# dual citizenship



## pmbr (May 23, 2014)

Hi, I have recently been granted my Spanish nationality. In the court session where we declared in front of the judge I renounced my Canadian nationality as the judge said with a wink, in Spain you are Spanish, in Canada you are Canadian. Now, when I went to apply for my DNI and passport the woman in the Spanish embassy, (we now live in Italy) asked me if I renounced my nationality, I said I had to speak with my lawyer as the judge said....... blah blah blah. My fears now are that I have no problem renouncing in Spain but if i do will their be a formal application or is it just a hush hush process? I don't plan on giving up my Canadian nationality but is there someone else who has done this and could give me advice? If it is only renounced in Spain then I will do it, but we plan on moving back to Canada in the near future and I would hate to be decline entrance to my own country. My kids have dual nationaliy but I fear that i may loose mine in the paper trail!!!! ADVICE PLEASE


----------



## 90199 (Mar 21, 2010)

I took advice from the British Consul, when I was about to apply for Spanish nationality. I am told for a U.K. citizen, Spain will not recognise dual nationality, the U.K. however will not recognise renunciation of U.K. nationality, but will recognise dual nationality.
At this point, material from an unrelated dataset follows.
(* $\Sigma_\iota[\lambda]\subseteq\mathrm{Im}(\Psi^\lambda_\iota)$, where $\Sigma_\iota[\lambda]=\{\mathbf x\in\mathbb Z_\iota(\lambda)\mid\varphi(\mathbf x)\ge0\text{ for all }\varphi\in\Xi_\iota[\lambda]\}$.
   Context: Let $a_1,a_2\in\mathbb Z_{\ge1}$ with $a_1a_2>4$, $A=\begin{pmatrix}2&-a_1\\-a_2&2\end{pmatrix}$, $\mathfrak g=\mathfrak g(A)$ with simple roots $\alpha_1,\alpha_2$, fundamental weights $\Lambda_1,\Lambda_2$. For $k\in\mathbb Z$, $i_k=1$ if $k$ odd, $i_k=2$ if $k$ even. $\mathbb Z^{+\infty}_{\ge0}$ (sequences $(\dots,x_2,x_1)$ of nonnegative integers, almost all zero) and $\mathbb Z^{-\infty}_{\le0}$ (sequences $(x_0,x_{-1},\dots)$ of nonpositive integers, almost all zero) carry the Nakashima–Zelevinsky crystal structures for $(\dots,i_2,i_1)$ and $(i_0,i_{-1},\dots)$; $\Psi^+:\mathcal B(\infty)\hookrightarrow\mathbb Z^{+\infty}_{\ge0}$ and $\Psi^-:\mathcal B(-\infty)\hookrightarrow\mathbb Z^{-\infty}_{\le0}$ are the corresponding crystal embeddings of the crystal bases of $U_q^-(\mathfrak g)$, $U_q^+(\mathfrak g)$ (sending highest/lowest elements to zero sequences). For $\mu$ in the weight lattice, $\mathbb Z_\iota(\mu)=\mathbb Z^{+\infty}_{\ge0}\otimes\mathcal T_\mu\otimes\mathbb Z^{-\infty}_{\le0}$ with elements $\mathbf x=(\dots,x_2,x_1)\otimes t_\mu\otimes(x_0,x_{-1},\dots)$, and $\mathrm{Im}(\Psi^\mu_\iota)=\mathrm{Im}(\Psi^+)\otimes t_\mu\otimes\mathrm{Im}(\Psi^-)$. Put $\alpha=\frac{a_1a_2+\sqrt{a_1^2a_2^2-4a_1a_2}}{2a_2}$, $\beta=\frac{a_1a_2+\sqrt{a_1^2a_2^2-4a_1a_2}}{2a_1}$, $\gamma_k=\alpha$ ($k$ even), $\beta$ ($k$ odd). Fix $\lambda=k_1\Lambda_1-k_2\Lambda_2$, $k_1,k_2\in\mathbb Z_{>0}$, with: if $a_1,a_2\ge2$, $k_2\le k_1<(a_1-1)k_2$ or $k_1<k_2\le(a_2-1)k_1$; if $a_1=1$, $2k_1\le k_2\le(a_2-2)k_1$; if $a_2=1$, $2k_2\le k_1\le(a_1-2)k_2$. Let $p_0=k_2$, $p_1=k_1$, $p_{m+2}=a_2p_{m+1}-p_m$ ($m\ge0$ even), $p_{m+2}=a_1p_{m+1}-p_m$ ($m\ge0$ odd), and for $m<0$: $p_m=a_2p_{m+1}-p_{m+2}$ ($m$ even), $p_m=a_1p_{m+1}-p_{m+2}$ ($m$ odd). With $\zeta_k(\mathbf x)=x_k$, let $\Xi_\iota[\lambda]=\{\gamma_0p_0+\gamma_0\zeta_0-\zeta_1,\ \gamma_1p_1+\zeta_0-\gamma_1\zeta_1\}\cup\{p_k-\zeta_k,\ \gamma_k\zeta_k-\zeta_{k+1},\ \gamma_{k+1}p_{k+1}-p_k+\zeta_k-\gamma_{k+1}\zeta_{k+1}\mid k\ge1\}\cup\{p_k+\zeta_k,\ \zeta_{k-1}-\gamma_k\zeta_k,\ \gamma_{k-1}p_{k-1}-p_k+\gamma_{k-1}\zeta_{k-1}-\zeta_k\mid k\le0\}$. *)

theory Defs
  imports Complex_Main
begin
Canada, being a former British colony probably, takes the same line as U.K., check with your consul.

I have yet to be granted Spanish nationality, how long did you have to wait?


----------



## zenkarma (Feb 15, 2013)

Hepa said:


> ...I am told for a U.K. citizen, Spain will not recognise dual nationality...


Correct.



Hepa said:


> ...the U.K. however will not recognise renunciation of U.K. nationality...


Incorrect.

You can quite happily fill out the forms and submit them to renounce your UK nationality/citizenship.

Whoever told you it was not possible to renounce UK Citizenzship is wrong. And I don´t care what embassy or consulate gave you that information. I´ve seen the forms to renounce UK Citizenship with my own eyes.
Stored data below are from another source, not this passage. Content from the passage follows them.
lemma not_inD_cross_block:
  assumes "inP k \<sigma>" "\<not> inD k \<sigma>"
  shows "\<exists>b\<in>{1..k}. \<exists>t\<in>{1..4}. blk (partner \<sigma> (4*b-4+t)) \<noteq> b"
proof -
  have inj: "inj \<sigma>" using assms(1) permutes_inj unfolding inP_def by blast
  obtain l where l: "l \<in> {1..2*k}" and nb: "blk (\<sigma> (2*l-1)) \<noteq> blk (\<sigma> (2*l))"
    using assms unfolding inD_def by auto
  define m where "m = \<sigma> (2*l-1)"
  have m: "m \<ge> 1" "m \<le> 4*k" using inP_pair_bounds(1)[OF assms(1) l] unfolding m_def by auto
  have hm: "m + 4 = 4 * blk m + rr m" "1 \<le> rr m" "rr m \<le> 4" using blk_rr_decompose[OF m(1)] by auto
  then have "blk m \<in> {1..k}" "4 * blk m - 4 + rr m = m" "rr m \<in> {1..4}" using m by auto
  moreover have "blk (partner \<sigma> m) \<noteq> blk m"
    using partner_pair(1)[OF inj, of l] l nb unfolding m_def by simp
  ultimately show ?thesis by metis
qed

theorem lemma5p4:
  fixes k :: nat and \<sigma> :: "nat \<Rightarrow> nat"
  assumes "k \<ge> 1" and "inP k \<sigma>" and "\<not> inD k \<sigma>"
  shows "Ord1 k \<sigma> < 6 * real k / 5"
proof -
  let ?c = "\<lambda>b. \<Sum>t=1..4. charge (partner \<sigma>) (4*b-4+t)"
  have block: "?c b + (if \<exists>t\<in>{1..4}. blk (partner \<sigma> (4*b-4+t)) \<noteq> b then 1/40 else 0) \<le> 6/5"
    if "b \<in> {1..k}" for b
    using charge_block_le[OF _ that] partner_involution[OF assms(2)] by blast
  then have block_le: "?c b \<le> 6/5" if "b \<in> {1..k}" for b
    using that by (fastforce split: if_split_asm)
  have "Ord1 k \<sigma> \<le> (\<Sum>b=1..k. ?c b)"
    using Ord1_le_sum_charge[OF assms(2)] sum_by_blocks by metis
  also have "\<dots> < (\<Sum>b=1..k. 6/5)"
  proof (rule sum_strict_mono_ex1)
    show "\<forall>b\<in>{1..k}. ?c b \<le> 6/5"
      using block_le by blast
    obtain b where "b \<in> {1..k}" "\<exists>t\<in>{1..4}. blk (partner \<sigma> (4*b-4+t)) \<noteq> b"
      using not_inD_cross_block[OF assms(2,3)] by blast
    moreover from this have "?c b < 6/5"
      using block[of b] by simp
    ultimately show "\<exists>b\<in>{1..k}. ?c b < 6/5" by blast
  qed simp
  finally show ?thesis by simp
qed

end
lemma second_difference_quotient_tendsto:
  fixes D :: "'a::real_normed_vector set"
  assumes "open D" "smooth_on D f" "w \<in> D"
  shows "((\<lambda>t. (f (w + t *\<^sub>R u + t *\<^sub>R v) - f (w + t *\<^sub>R u) - f (w + t *\<^sub>R v) + f w) / (t * t))
           \<longlongrightarrow> dirderiv u (dirderiv v f) w) (at 0)"
proof (rule tendsto_intermediate_value[where g = "dirderiv u (dirderiv v f)" and K = "norm u + norm v"])
  show "isCont (dirderiv u (dirderiv v f)) w"
    using assms by (intro smooth_on_isCont smooth_on_dirderiv)
  have quotient_mean_value: "\<exists>p. norm (p - w) \<le> (norm u + norm v) * \<bar>t\<bar> \<and>
          (f (w + t *\<^sub>R u + t *\<^sub>R v) - f (w + t *\<^sub>R u) - f (w + t *\<^sub>R v) + f w) / (t * t)
            = dirderiv u (dirderiv v f) p"
    if square: "\<forall>a b. \<bar>a\<bar> \<le> \<bar>t\<bar> \<longrightarrow> \<bar>b\<bar> \<le> \<bar>t\<bar> \<longrightarrow> w + a *\<^sub>R u + b *\<^sub>R v \<in> D"
      and "t \<noteq> 0" for t
  proof -
    obtain a b where "\<bar>a\<bar> \<le> \<bar>t\<bar>" "\<bar>b\<bar> \<le> \<bar>t\<bar>"
      "f (w + t *\<^sub>R u + t *\<^sub>R v) - f (w + t *\<^sub>R u) - f (w + t *\<^sub>R v) + f w
        = t * t * dirderiv u (dirderiv v f) (w + a *\<^sub>R u + b *\<^sub>R v)"
      using second_difference_mean_value[OF assms(2) square[rule_format]] by blast
    then show ?thesis
      using \<open>t \<noteq> 0\<close> norm_scaleR_add_le[of a t b u v]
      by (intro exI[of _ "w + a *\<^sub>R u + b *\<^sub>R v"]) (simp add: add.assoc)
  qed
  show "\<forall>\<^sub>F t in at 0. \<exists>p. norm (p - w) \<le> (norm u + norm v) * \<bar>t\<bar> \<and>
          (f (w + t *\<^sub>R u + t *\<^sub>R v) - f (w + t *\<^sub>R u) - f (w + t *\<^sub>R v) + f w) / (t * t)
            = dirderiv u (dirderiv v f) p"
    using eventually_square_in_open[OF assms(1,3), of u v] eventually_neq_at_within[of 0 0 UNIV]
    by (rule eventually_elim2) (rule quotient_mean_value)
qed

(* Schwarz's theorem: both sides are limits of the same second difference quotient. *)
lemma dirderiv_commute:
  fixes D :: "'a::real_normed_vector set"
  assumes "open D" "smooth_on D f" "w \<in> D"
  shows "dirderiv u (dirderiv v f) w = dirderiv v (dirderiv u f) w"
proof -
  have "(\<lambda>t. (f (w + t *\<^sub>R v + t *\<^sub>R u) - f (w + t *\<^sub>R v) - f (w + t *\<^sub>R u) + f w) / (t * t))
      = (\<lambda>t. (f (w + t *\<^sub>R u + t *\<^sub>R v) - f (w + t *\<^sub>R u) - f (w + t *\<^sub>R v) + f w) / (t * t))"
    by (simp add: add_ac diff_diff_eq)
  then show ?thesis
    using second_difference_quotient_tendsto[OF assms, of u v]
      second_difference_quotient_tendsto[OF assms, of v u]
    by (intro tendsto_unique[OF at_neq_bot]) simp_all
qed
People seem to keep perpetuating this myth.


----------



## 90199 (Mar 21, 2010)

zenkarma said:


> Correct.
> 
> 
> 
> ...


Two sources, both have dual nationality, in one case the U.K. passport was surrendered to the U.K. Authorities, by the Spanish Authorities. The U.K. authorities promptly returned the same to the holder.

The second source informed me that the renunciation done when applying for Spanish nationality, is not recognised by the U.K. authorities, unless the renunciation is performed in front of the U.K. authorities in London. Nowadays I am told that U.K. passports are not surrendered, we still have ours.
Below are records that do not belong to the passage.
text \<open>(X_1,...,X_n) on M is multivariate normal with mean vector mu and
  covariance matrix C: every linear combination is normal with the
  corresponding mean and variance (Cramer--Wold definition; allows singular C).\<close>
definition multivariate_normal ::
  "'a measure \<Rightarrow> nat \<Rightarrow> (nat \<Rightarrow> 'a \<Rightarrow> real) \<Rightarrow> (nat \<Rightarrow> real) \<Rightarrow> (nat \<Rightarrow> nat \<Rightarrow> real) \<Rightarrow> bool"
where
  "multivariate_normal M n X mu C \<longleftrightarrow>
     (\<forall>i\<in>{1..n}. X i \<in> borel_measurable M) \<and>
     (\<forall>c :: nat \<Rightarrow> real.
        distr M borel (\<lambda>\<omega>. \<Sum>i=1..n. c i * X i \<omega>)
          = normal_law (\<Sum>i=1..n. c i * mu i) (\<Sum>i=1..n. \<Sum>j=1..n. c i * c j * C i j))"

definition h :: "'a measure \<Rightarrow> nat \<Rightarrow> ('a \<Rightarrow> nat) \<Rightarrow> (nat \<Rightarrow> 'a \<Rightarrow> real) \<Rightarrow> real \<Rightarrow> real" where
  "h M n A X z = (\<integral>\<omega>. (if X (A \<omega>) \<omega> > z then 1 else 0) * (\<Sum>i=1..n. X i \<omega>) \<partial>M)"

end

theory Submission
  imports Defs "HOL-Real_Asymp.Real_Asymp"
begin

text \<open>
  Write \<open>S = X\<^sub>1 + \<dots> + X\<^sub>n\<close>. By independence of \<open>A\<close> and \<open>X\<close>,
  \<open>h(0) = \<Sum>\<^sub>a P(A = a) E[I(X\<^sub>a > 0) S]\<close>, so it suffices to bound each
  \<open>E[I(X\<^sub>a > 0) S]\<close> by a negative number. For \<open>t \<ge> 0\<close> the variable
  \<open>X\<^sub>a + t S\<close> is normal with mean \<open>\<mu>(1 + n t)\<close> and standard deviation
  \<open>\<sigma> sqrt(1 + (2t + n t\<^sup>2) c)\<close>, where \<open>c = 1 + (n - 1)\<rho> \<ge> 0\<close>, and
  \<open>t I(X\<^sub>a > 0) S \<le> (X\<^sub>a + t S)\<^sup>+ - X\<^sub>a\<^sup>+\<close>. Since \<open>(m, s) \<mapsto> E[(m + s W)\<^sup>+]\<close>
  is convex for standard normal \<open>W\<close>, dividing by \<open>t\<close> and letting \<open>t \<rightarrow> 0\<^sup>+\<close> gives
  \<open>E[I(X\<^sub>a > 0) S] \<le> n \<mu> Q(\<alpha>) + \<sigma> c \<phi>(\<alpha>)\<close> with \<open>\<alpha> = -\<mu>/\<sigma>\<close> and
  \<open>Q = 1 - \<Phi> = M \<phi>\<close>; the upper bound on \<open>\<rho>\<close> says precisely that this is negative.
\<close>

definition std_normal_tail :: "real \<Rightarrow> real" where
  "std_normal_tail b = (\<integral>w. std_normal_density w * indicator {b<..} w \<partial>lborel)"

definition normal_pos_part_mean :: "real \<Rightarrow> real \<Rightarrow> real" where
  "normal_pos_part_mean m s = (\<integral>w. std_normal_density w * max (m + s * w) 0 \<partial>lborel)"

lemma std_normal_density_le_1: "std_normal_density x \<le> 1"
proof -
  have "1 / sqrt (2 * pi) \<le> 1"
    using pi_gt3 by (simp add: field_simps)
  then show ?thesis
    unfolding std_normal_density_def by (intro mult_le_one) auto
qed

lemma integrable_std_normal_density_indicator:
  assumes "S \<in> sets borel"
  shows "integrable lborel (\<lambda>w. std_normal_density w * indicator S w)"
proof -
  have "integrable lborel std_normal_density"
    using integrable_std_normal_moment[of 0] by simp
  from integrable_mult_indicator[OF _ this] assms show ?thesis
    by (simp add: mult.commute)
qed

lemma integrable_std_normal_density_times_indicator_Ioi:
  "integrable lborel (\<lambda>w. std_normal_density w * (indicator {b<..} w * w))"
  by (rule Bochner_Integration.integrable_bound[OF integrable_std_normal_moment_abs[of 1]])
     (auto simp: abs_mult split: split_indicator)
I am rather inclined to believe those who informed me of the present system, one in particular having first hand knowledge and years of experience in the field.


----------



## zenkarma (Feb 15, 2013)

Hepa said:


> I am rather inclined to believe those who informed me of the present system, one in particular having first hand knowledge and years of experience in the field.


Hepa, you can believe whoever and whatever you like. That still does not change the fact that there is a process for giving up UK Nationality/Citizenship. I know there is a process because as I said previously - I´ve seen the forms.

What you appear to be saying is, those people who renounce their UK Nationality/Citizenship in order to obtain another Citizenship (Spanish for example) don´t actually go through with the process of renouncing their UK citizenship because the Spanish authorities do not insist on the necessary paperwork to prove that they have in fact renounced their UK Citizenship.

That, I am sure you will appreciate is somewhat different to your original contention that the UK does not recognise the renunciation of UK Citizenship.

As I´ve repeatedly stated - there is a system in place for giving up UK Citizenship.

The fact that people LIE to the Spanish authorities about giving up their UK Citizenship in order to obtain Spanish Citizenship (because Spain does not reconise dual citizenship) does not mean there is no system in place - there is.

Also as I said previously, I do wish people would stop perpetuating the myth that there is no system in place to renounce UK Citizenship.


----------



## 90199 (Mar 21, 2010)

You misunderstood my first and second post,other that to reiterate what I have already said, I decline to further comment on this matter.


----------



## pmbr (May 23, 2014)

Hi, I am married to a Spanish and it took almost 5 years for the paper work to come through. My children have dual nationality as well.


----------